Material for this exercise Start Marker

lemma dominated_graph_unique:
  assumes G: "dominated_graph p G" and "(x, b) \<in> G" "(x, b') \<in> G"
  shows "b = b'"
proof -
  have "(x, b) - (x, b') \<in> G"
    using G assms(2,3) unfolding dominated_graph_def by (blast intro: subspace_diff)
  then show ?thesis using G unfolding dominated_graph_def by (metis diff_Pair diff_self eq_iff_diff_eq_0)
qed

lemma dominated_graph_Union_chain:
  assumes "C \<noteq> {}" and dom: "\<And>G. G \<in> C \<Longrightarrow> dominated_graph p G" and "chain\<^sub>\<subseteq> C"
  shows "dominated_graph p (\<Union>C)"
proof -
  have ch: "\<And>G H. G \<in> C \<Longrightarrow> H \<in> C \<Longrightarrow> G \<subseteq> H \<or> H \<subseteq> G"
    using \<open>chain\<^sub>\<subseteq> C\<close> unfolding chain_subset_def by blast
  have "subspace (\<Union>C)"
    unfolding subspace_def
  proof (intro conjI ballI allI)
    show "0 \<in> \<Union>C" using \<open>C \<noteq> {}\<close> dom unfolding dominated_graph_def by (blast intro: subspace_0)
  next
    fix x y assume "x \<in> \<Union>C" "y \<in> \<Union>C"
    then obtain G H where "G \<in> C" "H \<in> C" "x \<in> G" "y \<in> H" by blast
    with ch[of G H] dom show "x + y \<in> \<Union>C"
      unfolding dominated_graph_def by (metis UnionI in_mono subspace_add)
  next
    fix c x assume "x \<in> \<Union>C"
    with dom show "c *\<^sub>R x \<in> \<Union>C" unfolding dominated_graph_def by (blast intro: subspace_scale)
  qed
  with dom show ?thesis unfolding dominated_graph_def by blast
qed

lemma dominated_graph_extension_value:
  assumes p: "sublinear p" and G: "dominated_graph p G"
  shows "\<exists>c. \<forall>x b. (x, b) \<in> G \<longrightarrow> b - p (x - y) \<le> c \<and> c \<le> p (x + y) - b"
proof -
  have G0: "(0, 0) \<in> G" using G unfolding dominated_graph_def by (metis subspace_0 zero_prod_def)
  \<comment> \<open>every lower value is below every upper one, by domination at \<open>x1 + x2\<close>\<close>
  have sep: "b1 - p (x1 - y) \<le> p (x2 + y) - b2" if "(x1, b1) \<in> G" "(x2, b2) \<in> G" for x1 b1 x2 b2
  proof -
    have "(x1 + x2, b1 + b2) \<in> G"
      using G that unfolding dominated_graph_def by (metis add_Pair subspace_add)
    then have "b1 + b2 \<le> p (x1 + x2)" using G unfolding dominated_graph_def by blast
    also have "\<dots> \<le> p (x1 - y) + p (x2 + y)" using sublinear_add[OF p, of "x1 - y" "x2 + y"] by simp
    finally show ?thesis by simp
  qed
  define L where "L = {b - p (x - y) | x b. (x, b) \<in> G}"
  have "L \<noteq> {}" using G0 unfolding L_def by blast
  moreover have "bdd_above L" using sep[OF _ G0] unfolding L_def by (intro bdd_aboveI) auto
  ultimately have "b - p (x - y) \<le> Sup L \<and> Sup L \<le> p (x + y) - b" if "(x, b) \<in> G" for x b
    using that sep unfolding L_def by (auto intro!: cSup_upper cSup_least)
  then show ?thesis by blast
qed

text \<open>Extending along \<open>y\<close> with value \<open>c\<close> stays dominated: for \<open>t \<noteq> 0\<close> rescale \<open>(x, b)\<close> by
  \<open>1 / \<bar>t\<bar>\<close> and use the lower or upper bound on \<open>c\<close>.\<close>
lemma dominated_graph_extension_dominated:
  assumes p: "sublinear p" and G: "dominated_graph p G"
    and c: "\<And>x b. (x, b) \<in> G \<Longrightarrow> b - p (x - y) \<le> c \<and> c \<le> p (x + y) - b"
    and xb: "(x, b) \<in> G"
  shows "b + t * c \<le> p (x + t *\<^sub>R y)"
proof -
  have scaled: "(s *\<^sub>R x, s * b) \<in> G" for s
    using G xb subspace_scale[of G "(x, b)" s] unfolding dominated_graph_def by simp
  show ?thesis
  proof (cases t "0::real" rule: linorder_cases)
    case less
    define s where "s = - t"
    have s: "s > 0" using less by (simp add: s_def)
    have "inverse s * b - p (inverse s *\<^sub>R x - y) \<le> c" using c[OF scaled] by blast
    then have "s * (inverse s * b - p (inverse s *\<^sub>R x - y)) \<le> s * c"
      using s by (intro mult_left_mono) auto
    moreover have "s * p (inverse s *\<^sub>R x - y) = p (x + t *\<^sub>R y)"
      using s sublinear_scaleR[OF p, of s "inverse s *\<^sub>R x - y"]
      by (simp add: scaleR_diff_right s_def)
    moreover have "s * (inverse s * b) = b" using s by simp
    ultimately have "b - p (x + t *\<^sub>R y) \<le> s * c" by (simp only: right_diff_distrib)
    then show ?thesis by (simp add: s_def)
  next
    case equal
    then show ?thesis using G xb unfolding dominated_graph_def by simp
  next
    case greater
    have "c \<le> p (inverse t *\<^sub>R x + y) - inverse t * b" using c[OF scaled] by blast
    then have "t * c \<le> t * (p (inverse t *\<^sub>R x + y) - inverse t * b)"
      using greater by (intro mult_left_mono) auto
    moreover have "t * p (inverse t *\<^sub>R x + y) = p (x + t *\<^sub>R y)"
      using greater sublinear_scaleR[OF p, of t "inverse t *\<^sub>R x + y"]
      by (simp add: scaleR_add_right)
    moreover have "t * (inverse t * b) = b" using greater by simp
    ultimately show ?thesis by (simp add: right_diff_distrib)
  qed
qed

lemma dominated_graph_extend:
  assumes p: "sublinear p" and G: "dominated_graph p G" and y: "\<nexists>b. (y, b) \<in> G"
  shows "\<exists>G'. dominated_graph p G' \<and> G \<subseteq> G' \<and> (\<exists>b. (y, b) \<in> G')"
proof -
  obtain c where c: "\<And>x b. (x, b) \<in> G \<Longrightarrow> b - p (x - y) \<le> c \<and> c \<le> p (x + y) - b"
    using dominated_graph_extension_value[OF p G] by blast
  have subG: "subspace G" and graphG: "\<And>b. (0, b) \<in> G \<Longrightarrow> b = 0"
    using G unfolding dominated_graph_def by blast+
  have scaled: "(s *\<^sub>R x, s * b) \<in> G" if "(x, b) \<in> G" for s x b
    using subspace_scale[OF subG that, of s] by simp
  define G' where "G' = {g + z | g z. g \<in> G \<and> z \<in> span {(y, c)}}"
  have G'_iff: "w \<in> G' \<longleftrightarrow> (\<exists>x b t. (x, b) \<in> G \<and> w = (x + t *\<^sub>R y, b + t * c))" for w
    unfolding G'_def span_singleton by force
  have "dominated_graph p G'"
    unfolding dominated_graph_def
  proof (intro conjI allI impI)
    show "subspace G'" unfolding G'_def by (intro subspace_sums subG subspace_span)
  next
    fix b' assume "(0, b') \<in> G'"
    then obtain x b t where xb: "(x, b) \<in> G" and "x + t *\<^sub>R y = 0" and b': "b' = b + t * c"
      unfolding G'_iff by auto
    then have x: "x = - (t *\<^sub>R y)" by (simp only: eq_neg_iff_add_eq_0)
    show "b' = 0"
    proof (cases "t = 0")
      case True
      then show ?thesis using graphG xb x b' by simp
    next
      case False
      then have "(y, - inverse t * b) \<in> G" using scaled[OF xb, of "- inverse t"] x by simp
      then show ?thesis using y by blast
    qed
  next
    fix z b' assume "(z, b') \<in> G'"
    then show "b' \<le> p z"
      unfolding G'_iff using dominated_graph_extension_dominated[OF p G c] by auto
  qed
  moreover have "G \<subseteq> G'"
  proof
    fix w assume "w \<in> G"
    then show "w \<in> G'" unfolding G'_iff by (intro exI[of _ "fst w"] exI[of _ "snd w"] exI[of _ 0]) simp
  qed
  moreover have "(y, c) \<in> G'" unfolding G'_iff using subspace_0[OF subG]
    by (intro exI[of _ 0] exI[of _ 1]) (simp add: zero_prod_def)
  ultimately show ?thesis by blast
qed

lemma dominated_graph_maximal_exists:
  assumes G0: "dominated_graph p G0"
  obtains M where "dominated_graph p M" "G0 \<subseteq> M" "\<And>G. dominated_graph p G \<Longrightarrow> M \<subseteq> G \<Longrightarrow> G = M"
proof -
  define \<G> where "\<G> = {G. dominated_graph p G \<and> G0 \<subseteq> G}"
  have "\<forall>C\<in>chains \<G>. \<exists>U\<in>\<G>. \<forall>G\<in>C. G \<subseteq> U"
  proof
    fix C assume C: "C \<in> chains \<G>"
    show "\<exists>U\<in>\<G>. \<forall>G\<in>C. G \<subseteq> U"
    proof (cases "C = {}")
      case True
      then show ?thesis using G0 unfolding \<G>_def by blast
    next
      case False
      from C have "C \<subseteq> \<G>" "chain\<^sub>\<subseteq> C" by (simp_all add: chains_def)
      then have "dominated_graph p (\<Union>C)" "G0 \<subseteq> \<Union>C"
        using dominated_graph_Union_chain[OF False] False unfolding \<G>_def by blast+
      then show ?thesis unfolding \<G>_def by blast
    qed
  qed
  from Zorn_Lemma2[OF this] obtain M where M: "M \<in> \<G>" and max: "\<forall>G\<in>\<G>. M \<subseteq> G \<longrightarrow> G = M"
    by blast
  show thesis
  proof (rule that)
    show "dominated_graph p M" "G0 \<subseteq> M" using M unfolding \<G>_def by blast+
    fix G assume "dominated_graph p G" "M \<subseteq> G"
    then show "G = M" using max M unfolding \<G>_def by blast
  qed
qed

Material for this exercise End Marker

» **Directions for this task**
Wherever a line holds the word "less", copy that line out of the entries above.

» **Written reply**
    case less
    have s: "s > 0" using less by (simp add: s_def)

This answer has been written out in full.